In Lebanon, Palestine refugees lack many basic rights and are excluded from state services, leaving them dependent on UNRWA for their most basic health, education and relief needs.

“That every individual enjoy his rights, and work to obtain these rights, because this is the way to a decent life. Foremost is the right to education, remoteness from violence, and tolerance. This month, we commemorated the International Day to Combat Violence against Women at my school. I am against such violence, even if it comes from those close to us.”
— Inas Mahmoud, 15, lives in Ein el Hillweh camp. Her family is originally from al-Sumayriyya in Acre and she dreams of becoming a successful businesswoman.

“I don’t feel secure, and I can’t enjoy a happy life because I don’t live in my country Palestine. Lebanon is not my country; I am a refugee here. I learned early on that I cannot consider everything I seek as my human right.”
— Ahmad, 13, Beddawi camp. His family is originally from Damun in Acre.

West Bank

Palestine refugees in West Bank camps live in extremely crowded conditions, and are unable to access many of their rights because of closures imposed by Israeli authorities.

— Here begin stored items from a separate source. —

lemma smooth_convex_affine_patch:
  fixes S T :: "nat \<Rightarrow> 'a::real_inner" and U :: "nat \<Rightarrow> 'a set"
  assumes "\<mu> > 0" "bounded (\<Union>j\<in>{1..N}. U j)"
    and "\<And>i j t. i \<in> {1..N} \<Longrightarrow> j \<in> {1..N} \<Longrightarrow> i \<noteq> j \<Longrightarrow> t \<in> U j \<Longrightarrow>
      c i + S i \<bullet> (t - T i) \<le> c j + S j \<bullet> (t - T j) - \<mu>"
  obtains g f R where "Cinf g" "convex_on UNIV g"
    "\<And>j t. j \<in> {1..N} \<Longrightarrow> t \<in> U j \<Longrightarrow> g t = c j + S j \<bullet> (t - T j)"
    "symbol 1 f" "\<And>t. norm t > R \<Longrightarrow> g t = f t"
proof -
  define l where "l j t = c j + S j \<bullet> (t - T j)" for j t
  define \<delta> where "\<delta> = \<mu> / (real N + 1)"
  have \<delta>: "\<delta> > 0" "(real N + 1) * \<delta> \<le> \<mu>"
    using assms(1) by (simp_all add: \<delta>_def)
  obtain R where R: "\<And>j t. j \<in> {1..N} \<Longrightarrow> t \<in> U j \<Longrightarrow> norm t \<le> R"
    using assms(2) unfolding bounded_iff by blast
  obtain A B M where AB: "A \<ge> 0"
    "\<And>j t. j \<in> {1..N} \<Longrightarrow> norm t \<le> R \<Longrightarrow> cone A B t \<le> l j t - \<mu>"
    "\<And>j t. j \<in> {1..N} \<Longrightarrow> norm t > M \<Longrightarrow> l j t + \<delta> \<le> cone A B t"
    unfolding l_def
    by (rule cone_separates_affine[where I="{1..N}" and R=R and c=c and S=S and T=T and \<mu>=\<mu> and \<delta>=\<delta>])
      auto
  define g where "g = smooth_max_fold \<delta> (cone A B) l N"
  show ?thesis
  proof (rule that[of g "cone A B" M])
    show "Cinf g"
      unfolding g_def l_def by (intro Cinf_smooth_max_fold Cinf_cone Cinf_affine)
    show "convex_on UNIV g"
      unfolding g_def l_def by (intro convex_on_smooth_max_fold convex_on_cone convex_on_affine \<delta> AB)
    show "g t = c j + S j \<bullet> (t - T j)" if "j \<in> {1..N}" "t \<in> U j" for j t
      unfolding g_def using that
      by (subst smooth_max_fold_eq_dominant[OF \<delta>(1) that(1) \<delta>(2)])
        (auto simp: l_def intro!: AB(2)[unfolded l_def] R assms(3))
    show "g t = cone A B t" if "norm t > M" for t
      unfolding g_def using that by (intro smooth_max_fold_eq_base \<delta> AB(3)) auto
  qed (rule symbol_cone)
qed

theorem lemma6p1:
  fixes N :: nat and c :: "nat \<Rightarrow> real" and S T :: "nat \<Rightarrow> real^'q::finite"
  assumes "N \<ge> 2"
    and "\<And>i j. i \<in> {1..N} \<Longrightarrow> j \<in> {1..N} \<Longrightarrow> i \<noteq> j \<Longrightarrow>
           c i - c j + S i \<bullet> (T j - T i) < 0"
  shows "\<exists>g :: real^'q \<Rightarrow> real. smooth g \<and> convex_on UNIV g \<and>
     (\<exists>\<epsilon>>0. \<epsilon> < Min {norm (T i - T j) | i j. i \<in> {1..N} \<and> j \<in> {1..N} \<and> i \<noteq> j} \<and>
        (\<forall>j\<in>{1..N}. \<forall>t\<in>ball (T j) \<epsilon>. g t = c j + S j \<bullet> (t - T j))) \<and>
     (\<exists>M>1. \<forall>k::nat\<ge>1. \<exists>L>0. \<forall>t. norm t \<ge> M \<longrightarrow>
        (\<forall>is. length is = k \<longrightarrow> \<bar>hpartial is g t\<bar> \<le> L * norm t powr (1 - real k)))"
proof -
  obtain \<mu> \<epsilon> where \<mu>: "\<mu> > 0" and \<epsilon>: "\<epsilon> > 0"
    and \<epsilon>_dist: "\<And>i j. i \<in> {1..N} \<Longrightarrow> j \<in> {1..N} \<Longrightarrow> i \<noteq> j \<Longrightarrow> \<epsilon> < norm (T i - T j)"
    and dominant: "\<And>i j t. i \<in> {1..N} \<Longrightarrow> j \<in> {1..N} \<Longrightarrow> i \<noteq> j \<Longrightarrow> t \<in> ball (T j) \<epsilon> \<Longrightarrow>
      c i + S i \<bullet> (t - T i) \<le> c j + S j \<bullet> (t - T j) - \<mu>"
    using affine_nodes_separated[of "{1..N}" c S T] assms(2) by blast
  obtain g f R where "Cinf g" "convex_on UNIV g"
    and near: "\<And>j t. j \<in> {1..N} \<Longrightarrow> t \<in> ball (T j) \<epsilon> \<Longrightarrow> g t = c j + S j \<bullet> (t - T j)"
    and "symbol 1 f" "\<And>t. norm t > R \<Longrightarrow> g t = f t"
    by (rule smooth_convex_affine_patch[where U="\<lambda>j. ball (T j) \<epsilon>", OF \<mu> _ dominant]) auto
  have "\<epsilon> < Min {norm (T i - T j) | i j. i \<in> {1..N} \<and> j \<in> {1..N} \<and> i \<noteq> j}" (is "_ < Min ?D")
  proof (subst Min_gr_iff)
    show "finite ?D"
      by (rule finite_subset[of _ "(\<lambda>(i, j). norm (T i - T j)) ` ({1..N} \<times> {1..N})"]) auto
    have "norm (T 1 - T 2) \<in> ?D"
      using assms(1) by force
    then show "?D \<noteq> {}"
      by blast
  qed (use \<epsilon>_dist in auto)
  moreover obtain M where "M > 1" "\<forall>k. \<exists>L>0. \<forall>t. norm t \<ge> M \<longrightarrow>
      (\<forall>is. length is = k \<longrightarrow> \<bar>hpartial is g t\<bar> \<le> L * norm t powr (1 - real k))"
    using hpartial_bound_outside_ball[OF \<open>symbol 1 f\<close>] \<open>\<And>t. norm t > R \<Longrightarrow> g t = f t\<close> by blast
  ultimately show ?thesis
    using Cinf_imp_smooth[OF \<open>Cinf g\<close>] \<open>convex_on UNIV g\<close> \<epsilon> near by blast
qed

end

“This day means a lot to me, the UN stresses on human rights, and the human being feels his values and dignity. I have access to education but I lack a healthy and safe environment where I can live with my family. I also lack the freedom of movement and to participate in building the state. I wish that my rights be bestowed upon me.”
— Fatima Abdel Kareem, 15

“This day is celebrated by the UN to emphasize human rights. I go to school and I have access to the health clinics, but I lack many other rights such as my right to protection, and to movement with no barrier or restrictions inside my own country.”